Museumsquartier: Next to Normal

April 28, 2016 in Klassik

VON MICHAELA MOTTINGER

Pia Douwes rockt endlich wieder Wien

Ab mit den Psychopharmaka in den Mist: Pia Douwes als Diana Goodman. Bild: Günter Meier

Ab mit den Psychopharmaka in den Mist: Pia Douwes als Diana Goodman. Bild: Guenter Meier

Zu Riesen mutiert tanzen die knallbunten Psychopharmaka heilsversprechend über die Bühne. „Ich spüre mich nicht mehr“, sagt die Frau. „Patientin stabil“, konstatiert der Arzt. Später aber wird Mutter ihre Little Helper in der Toilette entsorgen. „Wir haben die glücklichste Klospülung in der Straße“, scherzt sie scheinbar fröhlich mit ihrem Mann. Es ist klar, dass dieser Schein trügt.

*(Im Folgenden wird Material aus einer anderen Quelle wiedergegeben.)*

lemma card_points_in_square_ge:
  fixes S :: "int \<times> int \<Rightarrow> bool" and m R :: nat
  assumes blocks: "\<And>c d. c < m div R \<Longrightarrow> d < m div R \<Longrightarrow> \<exists>i j. S (i, j) \<and>
             int (c * R) \<le> i \<and> i < int ((c + 1) * R) \<and> int (d * R) \<le> j \<and> j < int ((d + 1) * R)"
  shows "(m div R)\<^sup>2 \<le> card {p \<in> {0..<int m} \<times> {0..<int m}. S p}"
proof -
  let ?B = "m div R" and ?P = "{p \<in> {0..<int m} \<times> {0..<int m}. S p}"
  let ?block = "\<lambda>(i, j). (nat i div R, nat j div R)"
  have "{..<?B} \<times> {..<?B} \<subseteq> ?block ` ?P"
  proof clarify
    fix c d assume cd: "c < ?B" "d < ?B"
    then obtain i j where ij: "S (i, j)" "int (c * R) \<le> i" "i < int ((c + 1) * R)"
      "int (d * R) \<le> j" "j < int ((d + 1) * R)"
      using blocks by blast
    have "(c + 1) * R \<le> ?B * R" "(d + 1) * R \<le> ?B * R"
      using cd by (intro mult_le_mono1; simp)+
    then have "int ((c + 1) * R) \<le> int m" "int ((d + 1) * R) \<le> int m"
      using div_times_less_eq_dividend[of m R] by linarith+
    moreover have "0 \<le> int (c * R)" "0 \<le> int (d * R)"
      by simp_all
    ultimately have "(i, j) \<in> ?P"
      using ij by (simp only: mem_Collect_eq mem_Times_iff atLeastLessThan_iff fst_conv snd_conv)
        (intro conjI TrueI; linarith)
    moreover have "nat i div R = c" "nat j div R = d"
      using ij by (simp_all add: nat_div_eq_if_in_block)
    ultimately show "(c, d) \<in> ?block ` ?P"
      by force
  qed
  then have "card ({..<?B} \<times> {..<?B}) \<le> card (?block ` ?P)"
    by (intro card_mono finite_imageI) auto
  also have "\<dots> \<le> card ?P"
    by (intro card_image_le) auto
  finally show ?thesis
    by (simp add: power2_eq_square card_cartesian_product)
qed
lemma linear_bound_zero_forward:
  fixes w w' :: "real \<Rightarrow> real"
  assumes "a \<le> b" "w a = 0"
    and deriv: "\<And>s. a \<le> s \<Longrightarrow> s \<le> b \<Longrightarrow> (w has_real_derivative w' s) (at s)"
    and bound: "\<And>s. a \<le> s \<Longrightarrow> s \<le> b \<Longrightarrow> \<bar>w' s\<bar> \<le> L * \<bar>w s\<bar>"
  shows "w b = 0"
proof -
  define h where "h s = exp (- (2 * L * s)) * (w s)\<^sup>2" for s
  have "h b \<le> h a"
  proof (rule DERIV_nonpos_imp_nonincreasing[OF \<open>a \<le> b\<close>])
    fix s assume s: "a \<le> s" "s \<le> b"
    have hd: "(h has_real_derivative exp (- (2 * L * s)) * (2 * (w s * w' s - L * (w s)\<^sup>2))) (at s)"
      unfolding h_def
      by (rule derivative_eq_intros deriv[OF s] refl | simp)+ (simp add: algebra_simps)
    have "w s * w' s \<le> L * (w s)\<^sup>2"
    proof -
      have "w s * w' s \<le> \<bar>w s\<bar> * \<bar>w' s\<bar>" by (simp add: abs_mult[symmetric])
      also have "\<dots> \<le> \<bar>w s\<bar> * (L * \<bar>w s\<bar>)" using bound[OF s] by (simp add: mult_left_mono)
      also have "\<dots> = L * (w s)\<^sup>2" by (simp add: power2_eq_square)
      finally show ?thesis .
    qed
    then have "exp (- (2 * L * s)) * (2 * (w s * w' s - L * (w s)\<^sup>2)) \<le> 0"
      by (simp add: mult_nonneg_nonpos)
    with hd show "\<exists>y. (h has_real_derivative y) (at s) \<and> y \<le> 0" by blast
  qed
  then have "(w b)\<^sup>2 \<le> 0"
    using \<open>w a = 0\<close> by (simp add: h_def mult_le_0_iff)
  then show ?thesis by simp
qed

lemma linear_bound_zero_between:
  fixes w w' :: "real \<Rightarrow> real"
  assumes "w a = 0"
    and deriv: "\<And>s. s \<in> closed_segment a b \<Longrightarrow> (w has_real_derivative w' s) (at s)"
    and bound: "\<And>s. s \<in> closed_segment a b \<Longrightarrow> \<bar>w' s\<bar> \<le> L * \<bar>w s\<bar>"
  shows "w b = 0"
proof (cases "a \<le> b")
  case True
  then show ?thesis
    using linear_bound_zero_forward[of a b w w' L] assms by (simp add: closed_segment_eq_real_ivl)
next
  case False
  have "(\<lambda>s. w (- s)) (- b) = 0"
  proof (rule linear_bound_zero_forward[where w = "\<lambda>s. w (- s)" and w' = "\<lambda>s. - w' (- s)"
      and a = "- a" and b = "- b"])
    fix s assume s: "- a \<le> s" "s \<le> - b"
    then have seg: "- s \<in> closed_segment a b"
      using False by (simp add: closed_segment_eq_real_ivl)
    show "((\<lambda>s. w (- s)) has_real_derivative - w' (- s)) (at s)"
    proof -
      have "((\<lambda>s. - s) has_real_derivative - 1) (at s)"
        by (auto intro!: derivative_eq_intros)
      from DERIV_chain2[OF _ this] show ?thesis using deriv[OF seg] by simp
    qed
    show "\<bar>- w' (- s)\<bar> \<le> L * \<bar>w (- s)\<bar>" using bound[OF seg] by simp
  qed (use False \<open>w a = 0\<close> in auto)
  then show ?thesis by simp
qed

lemma linear_bound_zero_everywhere:
  fixes w w' :: "real \<Rightarrow> real"
  assumes deriv: "\<And>z. (w has_real_derivative w' z) (at z)"
    and "w z0 = 0" "0 < r"
    and bound: "\<And>z. \<bar>w z\<bar> < r \<Longrightarrow> \<bar>w' z\<bar> \<le> L * \<bar>w z\<bar>"
  shows "w z = 0"
proof -
  have cont: "isCont w z" for z
    using deriv DERIV_isCont by blast
  have "closed {z. w z = 0}"
    using cont by (intro closed_Collect_eq) (auto intro: continuous_at_imp_continuous_on)
  moreover have "open {z. w z = 0}"
    unfolding open_contains_ball
  proof safe
    fix z assume "w z = 0"
    obtain e where "e > 0" and e: "\<And>s. dist s z < e \<Longrightarrow> dist (w s) (w z) < r"
      using cont[of z] \<open>0 < r\<close> unfolding continuous_at_eps_delta by blast
    have "w t = 0" if "t \<in> ball z e" for t
    proof (rule linear_bound_zero_between[OF \<open>w z = 0\<close> deriv bound])
      fix s assume "s \<in> closed_segment z t"
      moreover have "closed_segment z t \<subseteq> ball z e"
        using \<open>e > 0\<close> that by (intro closed_segment_subset) auto
      ultimately have "dist s z < e"
        by (auto simp: dist_commute)
      then show "\<bar>w s\<bar> < r"
        using e[of s] \<open>w z = 0\<close> by (simp add: dist_real_def)
    qed
    with \<open>e > 0\<close> show "\<exists>e>0. ball z e \<subseteq> {z. w z = 0}" by blast
  qed
  ultimately have "{z. w z = 0} = UNIV"
    using clopen[of "{z. w z = 0}"] \<open>w z0 = 0\<close> by auto
  then show ?thesis by auto
qed

lemma smooth_fun_has_real_derivative:
  "smooth_fun f \<Longrightarrow> (f has_real_derivative deriv f x) (at x)"
  unfolding smooth_fun_def DERIV_deriv_iff_real_differentiable by (metis funpow_0)

lemma smooth_fun_isCont_deriv:
  assumes "smooth_fun f"
  shows "isCont (deriv f) x"
proof -
  have "(deriv ^^ 1) f differentiable (at x)"
    using assms unfolding smooth_fun_def by blast
  then show ?thesis by (simp add: differentiable_imp_continuous_within)
qed

lemma tw_profile_critical_speed:
  assumes Df: "\<And>x. (f has_real_derivative deriv f x) (at x)"
    and DU: "\<And>z. (U has_real_derivative deriv U z) (at z)"
    and eqU: "\<And>z. - c * deriv U z = deriv V z + f (U z)"
    and eqV: "\<And>z. - c * \<tau> * deriv V z = deriv U z - V z"
    and "c\<^sup>2 * \<tau> = 1"
  shows "deriv U z * (c\<^sup>2 - deriv f (U z)) = - c * f (U z)"
proof -
  have "c \<noteq> 0" using \<open>c\<^sup>2 * \<tau> = 1\<close> by auto
  have "c * V z = - f (U z)" for z
  proof -
    have "c * (- c * \<tau> * deriv V z) = c * (deriv U z - V z)"
      using eqV by simp
    then have "- deriv V z = c * deriv U z - c * V z"
      using \<open>c\<^sup>2 * \<tau> = 1\<close> by (simp add: algebra_simps power2_eq_square)
    then show ?thesis using eqU[of z] by (simp add: algebra_simps)
  qed
  then have V: "V = (\<lambda>z. - f (U z) / c)"
    using \<open>c \<noteq> 0\<close> by (auto simp: field_simps)
  have "((\<lambda>z. - f (U z) / c) has_real_derivative - (deriv f (U z) * deriv U z) / c) (at z)"
    using \<open>c \<noteq> 0\<close> by (auto intro!: derivative_eq_intros DERIV_chain2[OF Df DU])
  then have "deriv V z = - (deriv f (U z) * deriv U z) / c"
    unfolding V by (rule DERIV_imp_deriv)
  with eqU[of z] \<open>c \<noteq> 0\<close> show ?thesis
    by (simp add: field_simps power2_eq_square)
qed

lemma profile_constant_at_regular_equilibrium:
  fixes f U :: "real \<Rightarrow> real"
  assumes Df: "\<And>x. (f has_real_derivative deriv f x) (at x)"
    and "isCont (deriv f) \<alpha>" "f \<alpha> = 0" "deriv f \<alpha> < k"
    and DU: "\<And>z. (U has_real_derivative deriv U z) (at z)"
    and eq: "\<And>z. deriv U z * (k - deriv f (U z)) = m * f (U z)"
    and "U z0 = \<alpha>"
  shows "U z = \<alpha>"
proof -
  define \<kappa> where "\<kappa> = (k - deriv f \<alpha>) / 2"
  define M where "M = \<bar>deriv f \<alpha>\<bar> + \<kappa>"
  have \<kappa>_twice: "2 * \<kappa> = k - deriv f \<alpha>" by (simp add: \<kappa>_def)
  have "\<kappa> > 0" using \<open>deriv f \<alpha> < k\<close> by (simp add: \<kappa>_def)
  then obtain r where "r > 0" and r: "\<And>x. dist x \<alpha> < r \<Longrightarrow> dist (deriv f x) (deriv f \<alpha>) < \<kappa>"
    using \<open>isCont (deriv f) \<alpha>\<close> unfolding continuous_at_eps_delta by blast
  have near: "\<kappa> \<le> k - deriv f x" "\<bar>deriv f x\<bar> \<le> M" if "x \<in> ball \<alpha> r" for x
  proof -
    have d: "\<bar>deriv f x - deriv f \<alpha>\<bar> < \<kappa>"
      using r[of x] that by (simp add: dist_real_def dist_commute)
    show "\<kappa> \<le> k - deriv f x"
      using d abs_ge_self[of "deriv f x - deriv f \<alpha>"] \<kappa>_twice by linarith
    show "\<bar>deriv f x\<bar> \<le> M"
      using d abs_triangle_ineq2[of "deriv f x" "deriv f \<alpha>"] M_def by linarith
  qed
  have bound: "\<bar>deriv U z\<bar> \<le> \<bar>m\<bar> * M / \<kappa> * \<bar>U z - \<alpha>\<bar>" if "\<bar>U z - \<alpha>\<bar> < r" for z
  proof -
    have Uz: "U z \<in> ball \<alpha> r"
      using that by (simp add: dist_real_def)
    have "norm (f (U z) - f \<alpha>) \<le> M * norm (U z - \<alpha>)"
      by (rule field_differentiable_bound[OF convex_ball _ _ Uz])
        (use Df near(2) \<open>r > 0\<close> in \<open>auto intro: has_field_derivative_at_within\<close>)
    then have Lip: "\<bar>f (U z)\<bar> \<le> M * \<bar>U z - \<alpha>\<bar>"
      using \<open>f \<alpha> = 0\<close> by simp
    have "\<bar>deriv U z\<bar> * \<kappa> \<le> \<bar>deriv U z\<bar> * (k - deriv f (U z))"
      using near(1)[OF Uz] by (rule mult_left_mono) simp
    also have "\<dots> = \<bar>deriv U z * (k - deriv f (U z))\<bar>"
      using near(1)[OF Uz] \<open>\<kappa> > 0\<close> by (simp add: abs_mult)
    also have "\<dots> = \<bar>m\<bar> * \<bar>f (U z)\<bar>"
      by (simp add: eq abs_mult)
    also have "\<dots> \<le> \<bar>m\<bar> * (M * \<bar>U z - \<alpha>\<bar>)"
      using Lip by (rule mult_left_mono) simp
    finally show ?thesis using \<open>\<kappa> > 0\<close> by (simp add: field_simps)
  qed
  have "((\<lambda>z. U z - \<alpha>) has_real_derivative deriv U z) (at z)" for z
    using DU[of z] by (auto intro!: derivative_eq_intros)
  from linear_bound_zero_everywhere[OF this _ \<open>r > 0\<close> bound] \<open>U z0 = \<alpha>\<close>
  show ?thesis by simp
qed
(* Let $\mathbf A$ be a WHB-algebra. The map $\Theta$ sending $Y\in DC(X(\mathbf A))$ to $\Theta(Y)=\{(a,b)\in A\times A\colon \sigma_{\mathbf A}(a)\cap Y=\sigma_{\mathbf A}(b)\cap Y\}$ is a bijection from $DC(X(\mathbf A))$ onto the congruence lattice $\mathrm{Con}(\mathbf A)$, with inverse $\theta\mapsto\Theta^{-1}(\theta)=\{P\in X(\mathbf A)\colon \text{for all }(a,b)\in\theta,\ a\in P\Rightarrow b\in P\}$; these maps reverse inclusion, so they constitute a dual lattice isomorphism between $\mathrm{Con}(\mathbf A)$ and $DC(X(\mathbf A))$.
   Context: A WHB-algebra is an algebra $(A,\wedge,\vee,\to,\leftarrow,0,1)$ such that $(A,\wedge,\vee,0,1)$ is a bounded distributive lattice and for all $a,b,c\in A$: $a\to a=1$; $a\to(b\wedge c)=(a\to b)\wedge(a\to c)$; $(a\vee b)\to c=(a\to c)\wedge(b\to c)$; $(a\to b)\wedge(b\to c)\le a\to c$; $a\leftarrow a=0$; $(a\vee b)\leftarrow c=(a\leftarrow c)\vee(b\leftarrow c)$; $a\leftarrow(b\wedge c)=(a\leftarrow b)\vee(a\leftarrow c)$; $a\leftarrow c\le(a\leftarrow b)\vee(b\leftarrow c)$; $a\wedge((a\to b)\leftarrow 0)\le b$; $a\le b\vee(1\to(a\leftarrow b))$. $X(\mathbf A)$ is the set of prime filters of $\mathbf A$, $\sigma_{\mathbf A}(a)=\{P\in X(\mathbf A)\colon a\in P\}$, and $\tau_{\mathbf A}$ is the topology on $X(\mathbf A)$ with subbase $\{\sigma_{\mathbf A}(a)\colon a\in A\}\cup\{X(\mathbf A)\setminus\sigma_{\mathbf A}(a)\colon a\in A\}$. Relations on $X(\mathbf A)$: $(P,Q)\in R_{\mathbf A}$ iff for all $a,b$, $a\to b\in P$ and $a\in Q$ imply $b\in Q$; $(P,Q)\in S_{\mathbf A}$ iff for all $a,b$, $a\in Q$ and $b\notin Q$ imply $a\leftarrow b\in P$. $DC(X(\mathbf A))$ is the set of $\tau_{\mathbf A}$-closed sets $Y\subseteq X(\mathbf A)$ such that $P\in Y$ and $(P,Q)\in R_{\mathbf A}$ imply $Q\in Y$, and $P\in Y$ and $(P,Q)\in S_{\mathbf A}$ imply $Q\in Y$, ordered by inclusion. *)

theory Defs
  imports "HOL-Analysis.Analysis"
begin

text \<open>An algebra (A, meet, join, imp, coimp, zero, one) is given by a carrier set A
  together with its operations; imp is the arrow a \<rightarrow> b and coimp is a \<leftarrow> b.\<close>

definition bdl_le :: "('a \<Rightarrow> 'a \<Rightarrow> 'a) \<Rightarrow> 'a \<Rightarrow> 'a \<Rightarrow> bool" where
  "bdl_le meet a b \<longleftrightarrow> meet a b = a"

definition bounded_distrib_lattice_on ::
  "'a set \<Rightarrow> ('a \<Rightarrow> 'a \<Rightarrow> 'a) \<Rightarrow> ('a \<Rightarrow> 'a \<Rightarrow> 'a) \<Rightarrow> 'a \<Rightarrow> 'a \<Rightarrow> bool" where
  "bounded_distrib_lattice_on A meet join zero one \<longleftrightarrow>
     zero \<in> A \<and> one \<in> A \<and>
     (\<forall>a\<in>A. \<forall>b\<in>A. meet a b \<in> A \<and> join a b \<in> A) \<and>
     (\<forall>a\<in>A. \<forall>b\<in>A. meet a b = meet b a \<and> join a b = join b a) \<and>
     (\<forall>a\<in>A. \<forall>b\<in>A. \<forall>c\<in>A. meet (meet a b) c = meet a (meet b c) \<and>
                         join (join a b) c = join a (join b c)) \<and>
     (\<forall>a\<in>A. \<forall>b\<in>A. meet a (join a b) = a \<and> join a (meet a b) = a) \<and>
     (\<forall>a\<in>A. \<forall>b\<in>A. \<forall>c\<in>A. meet a (join b c) = join (meet a b) (meet a c)) \<and>
     (\<forall>a\<in>A. meet zero a = zero \<and> join one a = one)"

definition whb_algebra ::
  "'a set \<Rightarrow> ('a \<Rightarrow> 'a \<Rightarrow> 'a) \<Rightarrow> ('a \<Rightarrow> 'a \<Rightarrow> 'a) \<Rightarrow> ('a \<Rightarrow> 'a \<Rightarrow> 'a) \<Rightarrow>
   ('a \<Rightarrow> 'a \<Rightarrow> 'a) \<Rightarrow> 'a \<Rightarrow> 'a \<Rightarrow> bool" where
  "whb_algebra A meet join imp coimp zero one \<longleftrightarrow>
     bounded_distrib_lattice_on A meet join zero one \<and>
     (\<forall>a\<in>A. \<forall>b\<in>A. imp a b \<in> A \<and> coimp a b \<in> A) \<and>
     (\<forall>a\<in>A. imp a a = one) \<and>
     (\<forall>a\<in>A. \<forall>b\<in>A. \<forall>c\<in>A. imp a (meet b c) = meet (imp a b) (imp a c)) \<and>
     (\<forall>a\<in>A. \<forall>b\<in>A. \<forall>c\<in>A. imp (join a b) c = meet (imp a c) (imp b c)) \<and>
     (\<forall>a\<in>A. \<forall>b\<in>A. \<forall>c\<in>A. bdl_le meet (meet (imp a b) (imp b c)) (imp a c)) \<and>
     (\<forall>a\<in>A. coimp a a = zero) \<and>
     (\<forall>a\<in>A. \<forall>b\<in>A. \<forall>c\<in>A. coimp (join a b) c = join (coimp a c) (coimp b c)) \<and>
     (\<forall>a\<in>A. \<forall>b\<in>A. \<forall>c\<in>A. coimp a (meet b c) = join (coimp a b) (coimp a c)) \<and>
     (\<forall>a\<in>A. \<forall>b\<in>A. \<forall>c\<in>A. bdl_le meet (coimp a c) (join (coimp a b) (coimp b c))) \<and>
     (\<forall>a\<in>A. \<forall>b\<in>A. bdl_le meet (meet a (coimp (imp a b) zero)) b) \<and>
     (\<forall>a\<in>A. \<forall>b\<in>A. bdl_le meet a (join b (imp one (coimp a b))))"

definition prime_filters ::
  "'a set \<Rightarrow> ('a \<Rightarrow> 'a \<Rightarrow> 'a) \<Rightarrow> ('a \<Rightarrow> 'a \<Rightarrow> 'a) \<Rightarrow> 'a set set" where
  "prime_filters A meet join = {P. P \<subseteq> A \<and> P \<noteq> {} \<and> P \<noteq> A \<and>
      (\<forall>a\<in>P. \<forall>b\<in>A. bdl_le meet a b \<longrightarrow> b \<in> P) \<and>
      (\<forall>a\<in>P. \<forall>b\<in>P. meet a b \<in> P) \<and>
      (\<forall>a\<in>A. \<forall>b\<in>A. join a b \<in> P \<longrightarrow> a \<in> P \<or> b \<in> P)}"

definition sigmaA ::
  "'a set \<Rightarrow> ('a \<Rightarrow> 'a \<Rightarrow> 'a) \<Rightarrow> ('a \<Rightarrow> 'a \<Rightarrow> 'a) \<Rightarrow> 'a \<Rightarrow> 'a set set" where
  "sigmaA A meet join a = {P \<in> prime_filters A meet join. a \<in> P}"

definition tauA ::
  "'a set \<Rightarrow> ('a \<Rightarrow> 'a \<Rightarrow> 'a) \<Rightarrow> ('a \<Rightarrow> 'a \<Rightarrow> 'a) \<Rightarrow> 'a set topology" where
  "tauA A meet join = subtopology
     (topology_generated_by
        ((\<lambda>a. sigmaA A meet join a) ` A \<union>
         (\<lambda>a. prime_filters A meet join - sigmaA A meet join a) ` A))
     (prime_filters A meet join)"

definition relR ::
  "'a set \<Rightarrow> ('a \<Rightarrow> 'a \<Rightarrow> 'a) \<Rightarrow> ('a \<Rightarrow> 'a \<Rightarrow> 'a) \<Rightarrow> ('a \<Rightarrow> 'a \<Rightarrow> 'a) \<Rightarrow> ('a set \<times> 'a set) set" where
  "relR A meet join imp = {(P, Q). P \<in> prime_filters A meet join \<and> Q \<in> prime_filters A meet join \<and>
      (\<forall>a\<in>A. \<forall>b\<in>A. imp a b \<in> P \<and> a \<in> Q \<longrightarrow> b \<in> Q)}"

Im Wiener Museumsquartier ist noch bis 1. Mai das Musical „Next to Normal“ zu sehen. Und die eben beschriebenen Szenen sind der Humor, der Sarkasmus, das Verzweiflungslachen, zwischen denen sich der Abend eingenistet hat. Mitunter schnieft’s rundum, und das ist gut so, denn Regisseur Titus Hoffmann, der das Stück vom englisch- in den deutschsprachigen Raum geholt und übersetzt hat, will sein Publikum mit einer Geschichte erreichen, die es etwas angeht. Das ist ein Hoffnungsschimmer für ein Genre, dass hierzulande wie ein Komapatient mit den immer gleichen Stoff-Infusionen künstlich am Leben erhalten wird. „Next to Normal“ geht gegen alle gängigen Musicalklischees an, nicht einmal das Ende ist umwerfend happy, und reüssiert gerade deswegen. Es geht um Depressionen, Selbstmordversuche, ekelhafte Elektrokrampftherapien – und es funktioniert. Mit Rums und Rockmusik. Als wär’s die Neuerfindung der Kunstgattung Singspiel, die Ansage: Innovation im System Musical ist möglich. In New York war ihnen dieses Phänomen bereits drei Tony-Awards und den Pulitzerpreis für das beste Drama (!) wert.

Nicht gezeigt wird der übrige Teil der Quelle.